● **Exercise description**: If a line in the listing below has the string "meson", copy it out.
(Data extracts begins)
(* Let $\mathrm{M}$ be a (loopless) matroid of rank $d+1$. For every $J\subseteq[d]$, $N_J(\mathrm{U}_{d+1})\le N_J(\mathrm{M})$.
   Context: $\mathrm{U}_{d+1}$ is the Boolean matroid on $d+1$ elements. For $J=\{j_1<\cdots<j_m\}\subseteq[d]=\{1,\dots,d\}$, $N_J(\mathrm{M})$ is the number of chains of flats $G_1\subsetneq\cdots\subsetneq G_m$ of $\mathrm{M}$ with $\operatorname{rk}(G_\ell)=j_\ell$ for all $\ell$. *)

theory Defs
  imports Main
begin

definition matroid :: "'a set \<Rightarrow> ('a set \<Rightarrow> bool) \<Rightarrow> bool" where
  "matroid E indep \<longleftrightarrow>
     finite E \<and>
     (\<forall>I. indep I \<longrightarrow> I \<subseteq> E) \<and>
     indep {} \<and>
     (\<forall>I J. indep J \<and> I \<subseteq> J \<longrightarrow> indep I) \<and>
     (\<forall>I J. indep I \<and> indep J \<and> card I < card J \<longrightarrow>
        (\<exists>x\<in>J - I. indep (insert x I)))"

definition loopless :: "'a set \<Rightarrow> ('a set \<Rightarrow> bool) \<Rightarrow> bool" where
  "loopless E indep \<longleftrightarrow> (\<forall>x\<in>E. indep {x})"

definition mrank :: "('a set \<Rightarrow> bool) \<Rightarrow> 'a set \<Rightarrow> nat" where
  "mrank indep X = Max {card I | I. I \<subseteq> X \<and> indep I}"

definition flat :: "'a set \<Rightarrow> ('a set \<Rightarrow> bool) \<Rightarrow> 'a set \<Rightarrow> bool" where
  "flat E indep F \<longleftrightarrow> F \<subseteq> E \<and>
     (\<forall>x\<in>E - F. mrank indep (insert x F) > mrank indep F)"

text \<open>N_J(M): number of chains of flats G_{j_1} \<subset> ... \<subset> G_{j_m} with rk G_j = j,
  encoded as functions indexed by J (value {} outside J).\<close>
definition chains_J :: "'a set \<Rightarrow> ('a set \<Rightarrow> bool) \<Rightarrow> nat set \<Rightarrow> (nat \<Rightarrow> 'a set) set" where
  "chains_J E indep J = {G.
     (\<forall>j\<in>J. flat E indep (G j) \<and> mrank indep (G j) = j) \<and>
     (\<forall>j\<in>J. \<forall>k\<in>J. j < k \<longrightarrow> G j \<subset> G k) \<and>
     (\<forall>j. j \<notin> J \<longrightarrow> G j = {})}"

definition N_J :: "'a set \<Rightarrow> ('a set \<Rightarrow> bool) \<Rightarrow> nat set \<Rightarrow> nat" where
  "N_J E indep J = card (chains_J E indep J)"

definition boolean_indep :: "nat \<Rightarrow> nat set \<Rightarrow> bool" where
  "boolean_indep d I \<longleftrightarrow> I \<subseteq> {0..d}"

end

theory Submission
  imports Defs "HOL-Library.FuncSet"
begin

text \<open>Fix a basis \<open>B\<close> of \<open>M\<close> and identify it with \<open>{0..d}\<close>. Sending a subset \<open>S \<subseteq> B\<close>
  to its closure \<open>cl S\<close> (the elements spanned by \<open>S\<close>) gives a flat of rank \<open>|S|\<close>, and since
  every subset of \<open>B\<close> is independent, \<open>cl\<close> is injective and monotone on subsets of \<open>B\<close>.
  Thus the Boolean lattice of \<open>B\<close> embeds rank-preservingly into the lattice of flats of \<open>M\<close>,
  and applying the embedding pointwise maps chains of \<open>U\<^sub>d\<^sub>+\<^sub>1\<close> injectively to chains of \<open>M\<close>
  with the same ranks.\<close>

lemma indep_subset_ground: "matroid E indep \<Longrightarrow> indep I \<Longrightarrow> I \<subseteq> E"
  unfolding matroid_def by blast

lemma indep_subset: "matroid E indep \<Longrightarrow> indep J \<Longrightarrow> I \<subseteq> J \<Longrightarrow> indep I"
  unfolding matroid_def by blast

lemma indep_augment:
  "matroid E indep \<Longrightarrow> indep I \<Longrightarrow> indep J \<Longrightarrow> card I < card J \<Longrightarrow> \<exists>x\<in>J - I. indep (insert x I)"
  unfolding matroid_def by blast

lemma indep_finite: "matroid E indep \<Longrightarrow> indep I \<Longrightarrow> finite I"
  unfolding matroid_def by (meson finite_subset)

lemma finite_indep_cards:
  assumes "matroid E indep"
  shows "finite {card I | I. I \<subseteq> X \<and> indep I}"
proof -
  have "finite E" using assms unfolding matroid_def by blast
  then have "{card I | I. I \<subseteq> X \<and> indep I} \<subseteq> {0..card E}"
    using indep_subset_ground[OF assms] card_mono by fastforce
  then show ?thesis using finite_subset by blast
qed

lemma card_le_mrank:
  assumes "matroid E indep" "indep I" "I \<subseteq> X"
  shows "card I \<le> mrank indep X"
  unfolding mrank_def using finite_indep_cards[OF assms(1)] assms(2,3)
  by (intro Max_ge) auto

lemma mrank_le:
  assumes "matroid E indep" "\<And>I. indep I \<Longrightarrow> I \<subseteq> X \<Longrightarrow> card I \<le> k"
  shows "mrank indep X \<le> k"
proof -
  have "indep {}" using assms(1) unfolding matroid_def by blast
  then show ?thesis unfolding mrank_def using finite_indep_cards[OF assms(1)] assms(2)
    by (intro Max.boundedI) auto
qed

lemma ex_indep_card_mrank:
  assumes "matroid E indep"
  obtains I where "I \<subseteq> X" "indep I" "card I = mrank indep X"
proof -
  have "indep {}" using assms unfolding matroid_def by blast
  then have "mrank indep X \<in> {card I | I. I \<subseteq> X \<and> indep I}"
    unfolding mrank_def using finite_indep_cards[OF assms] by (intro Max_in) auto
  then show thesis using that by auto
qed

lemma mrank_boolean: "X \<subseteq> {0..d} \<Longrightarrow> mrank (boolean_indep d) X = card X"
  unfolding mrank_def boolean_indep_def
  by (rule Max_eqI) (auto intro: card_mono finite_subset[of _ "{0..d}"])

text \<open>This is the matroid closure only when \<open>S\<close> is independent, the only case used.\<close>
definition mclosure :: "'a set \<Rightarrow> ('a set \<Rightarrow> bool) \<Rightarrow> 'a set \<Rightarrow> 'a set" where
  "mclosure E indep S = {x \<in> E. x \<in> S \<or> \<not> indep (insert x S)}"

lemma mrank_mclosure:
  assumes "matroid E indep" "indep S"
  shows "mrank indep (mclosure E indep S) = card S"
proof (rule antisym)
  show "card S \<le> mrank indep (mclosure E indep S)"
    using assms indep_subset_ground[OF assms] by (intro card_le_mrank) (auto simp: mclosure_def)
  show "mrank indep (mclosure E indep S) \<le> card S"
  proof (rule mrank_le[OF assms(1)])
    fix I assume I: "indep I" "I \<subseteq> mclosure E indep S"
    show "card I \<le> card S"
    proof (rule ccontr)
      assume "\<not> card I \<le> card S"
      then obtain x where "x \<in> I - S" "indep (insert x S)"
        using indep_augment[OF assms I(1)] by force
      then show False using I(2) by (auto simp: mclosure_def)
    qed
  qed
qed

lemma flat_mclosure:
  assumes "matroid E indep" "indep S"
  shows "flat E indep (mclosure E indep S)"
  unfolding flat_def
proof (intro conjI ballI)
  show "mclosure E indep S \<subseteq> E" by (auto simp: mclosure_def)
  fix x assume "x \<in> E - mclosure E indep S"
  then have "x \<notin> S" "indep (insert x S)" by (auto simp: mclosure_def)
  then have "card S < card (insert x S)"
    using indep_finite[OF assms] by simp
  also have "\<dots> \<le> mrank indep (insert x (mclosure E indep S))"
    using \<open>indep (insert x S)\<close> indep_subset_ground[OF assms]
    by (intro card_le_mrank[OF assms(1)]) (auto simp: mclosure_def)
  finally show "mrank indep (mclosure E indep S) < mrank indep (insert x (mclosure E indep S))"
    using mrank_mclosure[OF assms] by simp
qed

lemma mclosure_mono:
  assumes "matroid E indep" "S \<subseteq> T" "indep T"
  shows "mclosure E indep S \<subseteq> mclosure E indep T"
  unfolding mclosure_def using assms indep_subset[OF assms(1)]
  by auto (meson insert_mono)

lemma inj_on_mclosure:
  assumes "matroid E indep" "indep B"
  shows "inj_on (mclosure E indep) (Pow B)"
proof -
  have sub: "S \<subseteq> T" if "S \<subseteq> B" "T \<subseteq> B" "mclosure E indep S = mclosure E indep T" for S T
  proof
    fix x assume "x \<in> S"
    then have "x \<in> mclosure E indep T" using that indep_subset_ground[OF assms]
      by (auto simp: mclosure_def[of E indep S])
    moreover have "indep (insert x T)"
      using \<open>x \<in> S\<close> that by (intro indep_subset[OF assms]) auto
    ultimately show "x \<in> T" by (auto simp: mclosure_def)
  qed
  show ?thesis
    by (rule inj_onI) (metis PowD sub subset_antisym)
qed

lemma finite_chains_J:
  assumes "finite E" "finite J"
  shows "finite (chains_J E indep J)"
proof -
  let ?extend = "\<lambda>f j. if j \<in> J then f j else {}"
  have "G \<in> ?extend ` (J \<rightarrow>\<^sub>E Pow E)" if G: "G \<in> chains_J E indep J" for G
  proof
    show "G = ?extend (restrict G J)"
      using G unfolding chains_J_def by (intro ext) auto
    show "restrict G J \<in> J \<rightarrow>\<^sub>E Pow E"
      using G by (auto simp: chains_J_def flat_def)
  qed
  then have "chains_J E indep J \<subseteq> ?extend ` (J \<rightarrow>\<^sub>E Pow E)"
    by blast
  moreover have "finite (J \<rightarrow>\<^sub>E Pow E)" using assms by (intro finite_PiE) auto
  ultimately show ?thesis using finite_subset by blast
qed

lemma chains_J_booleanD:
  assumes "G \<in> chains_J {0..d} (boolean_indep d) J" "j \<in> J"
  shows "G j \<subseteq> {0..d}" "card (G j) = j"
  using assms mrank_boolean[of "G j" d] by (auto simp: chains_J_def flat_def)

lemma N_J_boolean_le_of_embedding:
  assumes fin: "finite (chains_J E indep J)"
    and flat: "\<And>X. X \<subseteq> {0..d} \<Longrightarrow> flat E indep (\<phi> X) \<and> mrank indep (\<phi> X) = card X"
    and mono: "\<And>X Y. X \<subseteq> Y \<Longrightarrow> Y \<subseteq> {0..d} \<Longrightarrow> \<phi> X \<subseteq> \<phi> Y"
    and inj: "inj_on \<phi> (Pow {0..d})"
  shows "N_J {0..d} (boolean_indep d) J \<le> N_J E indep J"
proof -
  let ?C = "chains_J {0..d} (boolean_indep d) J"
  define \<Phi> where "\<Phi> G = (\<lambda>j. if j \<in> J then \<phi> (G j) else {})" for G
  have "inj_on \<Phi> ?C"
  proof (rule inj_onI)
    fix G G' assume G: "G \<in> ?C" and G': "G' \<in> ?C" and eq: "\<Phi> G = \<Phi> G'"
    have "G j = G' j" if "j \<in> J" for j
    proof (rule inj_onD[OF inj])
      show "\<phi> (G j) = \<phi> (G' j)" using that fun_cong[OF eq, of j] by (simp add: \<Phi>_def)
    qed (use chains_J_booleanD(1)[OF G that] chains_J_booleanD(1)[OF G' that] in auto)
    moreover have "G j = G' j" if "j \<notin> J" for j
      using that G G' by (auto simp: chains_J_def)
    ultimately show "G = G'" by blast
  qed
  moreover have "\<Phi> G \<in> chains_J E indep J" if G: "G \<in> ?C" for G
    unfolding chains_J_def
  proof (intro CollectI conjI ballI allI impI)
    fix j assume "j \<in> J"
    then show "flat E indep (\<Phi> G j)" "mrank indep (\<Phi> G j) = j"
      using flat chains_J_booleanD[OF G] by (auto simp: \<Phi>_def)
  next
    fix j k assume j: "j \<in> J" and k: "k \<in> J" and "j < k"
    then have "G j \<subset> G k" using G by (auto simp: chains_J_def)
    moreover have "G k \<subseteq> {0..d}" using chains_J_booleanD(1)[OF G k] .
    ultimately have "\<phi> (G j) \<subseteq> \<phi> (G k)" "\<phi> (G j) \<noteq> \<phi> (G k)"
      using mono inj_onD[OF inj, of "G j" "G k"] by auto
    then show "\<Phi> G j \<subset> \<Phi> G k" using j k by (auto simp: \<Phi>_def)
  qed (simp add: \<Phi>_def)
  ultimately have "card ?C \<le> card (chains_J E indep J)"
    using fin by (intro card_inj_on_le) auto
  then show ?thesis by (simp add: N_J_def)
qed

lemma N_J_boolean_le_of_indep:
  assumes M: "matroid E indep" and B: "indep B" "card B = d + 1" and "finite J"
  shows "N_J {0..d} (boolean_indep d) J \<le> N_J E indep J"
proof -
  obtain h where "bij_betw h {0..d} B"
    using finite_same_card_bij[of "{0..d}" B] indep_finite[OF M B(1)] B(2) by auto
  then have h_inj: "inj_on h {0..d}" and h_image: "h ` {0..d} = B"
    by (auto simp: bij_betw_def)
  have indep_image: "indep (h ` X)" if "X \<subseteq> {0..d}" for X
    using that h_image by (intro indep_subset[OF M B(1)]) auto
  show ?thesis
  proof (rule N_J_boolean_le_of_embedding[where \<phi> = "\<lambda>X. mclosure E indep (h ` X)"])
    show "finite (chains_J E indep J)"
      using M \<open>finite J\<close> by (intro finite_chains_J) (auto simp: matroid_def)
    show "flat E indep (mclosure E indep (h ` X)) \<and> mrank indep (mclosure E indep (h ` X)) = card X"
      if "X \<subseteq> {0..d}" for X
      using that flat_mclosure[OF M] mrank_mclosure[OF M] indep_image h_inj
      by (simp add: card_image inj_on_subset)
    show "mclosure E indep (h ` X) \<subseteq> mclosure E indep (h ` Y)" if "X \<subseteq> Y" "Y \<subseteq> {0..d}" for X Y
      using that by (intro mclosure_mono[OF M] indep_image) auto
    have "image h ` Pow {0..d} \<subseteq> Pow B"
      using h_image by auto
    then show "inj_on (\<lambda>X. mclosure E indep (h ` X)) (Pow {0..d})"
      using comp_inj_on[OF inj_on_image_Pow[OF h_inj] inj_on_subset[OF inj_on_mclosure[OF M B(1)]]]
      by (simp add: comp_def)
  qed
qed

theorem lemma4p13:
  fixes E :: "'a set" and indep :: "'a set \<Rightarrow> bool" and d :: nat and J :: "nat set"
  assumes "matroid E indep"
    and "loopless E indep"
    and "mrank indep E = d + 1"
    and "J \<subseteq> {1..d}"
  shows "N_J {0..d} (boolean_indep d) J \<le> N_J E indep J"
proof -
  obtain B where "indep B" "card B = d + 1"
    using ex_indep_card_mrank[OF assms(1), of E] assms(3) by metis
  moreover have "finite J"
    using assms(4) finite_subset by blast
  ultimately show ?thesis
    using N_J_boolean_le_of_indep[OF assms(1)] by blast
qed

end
(Data extracts ends)
● **Exercise response**:
  unfolding matroid_def by (meson finite_subset)
  by auto (meson insert_mono)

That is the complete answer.